Bases: tilelang.jit.adapter.wrapper.TLCUDASourceWrapper

NVRTC backend wrapper: generates Python kernel launch code.

Core responsibility: transform TVM IRModule into executable Python function that initializes resources (TMA descriptors, L2 cache) and launches kernels via CUDA Driver API.

Data flow:

IRModule → collect kernel metadata → deduplicate resources → generate Python code → executable function

Why Python generation instead of C++:

NVRTC workflow requires runtime compilation, Python is the natural host. Using cuda.bindings.driver eliminates C++ wrapper complexity.

Parameters:
  • scheduled_ir_module (tvm.IRModule)

  • source (str)

  • target (tvm.target.Target)

  • device_mod (tvm.IRModule | None)

  • host_mod (tvm.IRModule | None)

  • pass_configs (dict[str, Any] | None)

property host_func¶

Override parent’s host_func to return generated Python code.
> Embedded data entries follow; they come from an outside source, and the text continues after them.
lemma Ckn_mult: "Ckn j U f \<Longrightarrow> Ckn j U g \<Longrightarrow> Ckn j U (\<lambda>x. f x * g x)"
proof (induction j arbitrary: f g)
  case 0 then show ?case by (simp add: continuous_on_mult)
next
  case (Suc j)
  from Suc.prems(1) obtain Df where cf: "continuous_on U f" and
    Df: "\<forall>i\<in>Basis. (\<forall>x\<in>U. ((\<lambda>t. f (x + t *\<^sub>R i)) has_real_derivative Df i x) (at 0)) \<and> Ckn j U (Df i)"
    by auto
  from Suc.prems(2) obtain Dg where cg: "continuous_on U g" and
    Dg: "\<forall>i\<in>Basis. (\<forall>x\<in>U. ((\<lambda>t. g (x + t *\<^sub>R i)) has_real_derivative Dg i x) (at 0)) \<and> Ckn j U (Dg i)"
    by auto
  have fj: "Ckn j U f" and gj: "Ckn j U g"
    using Suc.prems Ckn_Suc_imp_Ckn by blast+
  define D where "D = (\<lambda>i x. Df i x * g x + Dg i x * f x)"
  have "((\<lambda>t. f (x + t *\<^sub>R i) * g (x + t *\<^sub>R i)) has_real_derivative D i x) (at 0)"
    if "i \<in> Basis" "x \<in> U" for i x
    using DERIV_mult[of "\<lambda>t. f (x + t *\<^sub>R i)" "Df i x" 0 UNIV "\<lambda>t. g (x + t *\<^sub>R i)" "Dg i x"] Df Dg that
    by (simp add: D_def)
  moreover have "Ckn j U (D i)" if "i \<in> Basis" for i
    using Df Dg that fj gj unfolding D_def by (auto intro!: Ckn_add Suc.IH)
  ultimately show ?case by (auto intro!: continuous_on_mult cf cg exI[of _ D])
qed

lemma Ck_fun_mult: "f \<in> Ck_fun k U \<Longrightarrow> g \<in> Ck_fun k U \<Longrightarrow> f * g \<in> Ck_fun k U"
  unfolding Ck_fun_def Ck_on_def times_fun_def by (auto intro: Ckn_mult)

text \<open>\<open>theta_order_ge p a\<close>: the Grassmann element \<open>a\<close> lies in the \<open>p\<close>-th power of the ideal
  generated by the odd generators, i.e. its coefficients of \<open>\<theta>\<close>-degree \<open>< p\<close> vanish.\<close>
definition theta_order_ge :: "nat \<Rightarrow> (nat set \<Rightarrow> 'a \<Rightarrow> 'c::zero) \<Rightarrow> bool" where
  "theta_order_ge p a = (\<forall>I x. finite I \<and> card I < p \<longrightarrow> a I x = 0)"

lemma theta_order_ge_gmul:
  assumes "theta_order_ge p a" "theta_order_ge q b"
  shows "theta_order_ge (p + q) (gmul a b)"
  unfolding theta_order_ge_def
proof (intro allI impI)
  fix K :: "nat set" and x assume K: "finite K \<and> card K < p + q"
  have "gsign I (K - I) * a I x * b (K - I) x = 0" if "I \<in> Pow K" for I
  proof -
    have "finite I" "I \<subseteq> K" using that K finite_subset by auto
    then have "card I + card (K - I) = card K"
      using K by (metis card_Diff_subset card_mono le_add_diff_inverse)
    then have "card I < p \<or> card (K - I) < q" using K by linarith
    then show ?thesis using assms \<open>finite I\<close> K unfolding theta_order_ge_def by auto
  qed
  then show "gmul a b K x = 0" unfolding gmul_def by (intro sum.neutral) blast
qed

lemma sum_apply2: "(\<Sum>l\<in>A. F l) I x = (\<Sum>l\<in>A. F l I x)"
  by (induction A rule: infinite_finite_induct) auto

lemma theta_order_ge_mmul:
  assumes "\<forall>i j. theta_order_ge p (M i j)" "\<forall>i j. theta_order_ge q (N i j)"
  shows "theta_order_ge (p + q) (mmul r gmul M N i j)"
  using theta_order_ge_gmul[OF assms(1)[rule_format] assms(2)[rule_format]]
  unfolding mmul_def theta_order_ge_def by (auto simp: sum_apply2)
create_dispatch_func(code, function_informations)¶

Generate Python dispatch function that launches multiple CUDA kernels.

Why two-pass design:

Pass 1: Collect TMA descriptors from all kernels into shared dicts Pass 2: Generate code - descriptors first (deduplicated), then launches

Single-pass would create duplicate descriptors for each kernel. Dict naturally deduplicates by descriptor name.

Parameters:
  • code – CUDA C++ source containing kernel declarations

  • function_informations – Dict mapping kernel names to metadata (grid/block dims, params, shared memory size)

Returns:

  1. Initializes L2 cache policies (if needed)

  2. Creates TMA descriptors once per unique buffer

  3. Launches each kernel with cuLaunchKernelEx

  4. Resets L2 cache policies (if needed)

Return type:

Python source code defining a call() function that

generate_l2_persistent_map(function_name)¶

Generate Python code to configure L2 cache persistence for a kernel.

L2 persistence pins frequently-accessed data in L2 cache to reduce memory bandwidth. Requires explicit setup via CUDA stream attributes.

Parameters:

function_name (str) – Kernel name to check for L2 persistence config

Returns:

Python code that sets stream access policy window, or empty string if no L2 persistence configured for this kernel.

Return type:

str

generate_tma_descriptor_args(desc_name_map, desc_name_var_map)¶

Generate Python code to initialize TMA descriptors.

TMA (Tensor Memory Accelerator) descriptors are opaque CUDA objects that describe memory layout for async copies. Must be created on host before kernel launch.

Parameters:
  • desc_name_map (dict[str, str]) – Maps descriptor variable names to buffer names

  • desc_name_var_map (dict[str, tilelang.tvm.tir.Var]) – Maps descriptor names to TVM variables

Returns:

Python code that calls cuTensorMapEncodeTiled/Im2col for each unique descriptor. Empty string if no TMA descriptors needed.

Return type:

str

update_lib_code(code)¶

Update library code and generate host dispatch function.

Entry point for code generation. Walks the host IR to extract kernel call sites, matches them with device kernels, then generates Python dispatch code via create_dispatch_func().

Parameters:

code (str) – CUDA C++ source code containing compiled kernels

Returns:

sets self.host_func to generated Python dispatcher.

Return type:

The same code string (stored in self.lib_code). Side effect

get_stream_type()¶

Return stream parameter spec for Python signature.

NVRTC backend uses raw int for stream handle (not cudaStream_t pointer). Default to 0 (NULL stream) for convenience.

Return type:

dict[str, str]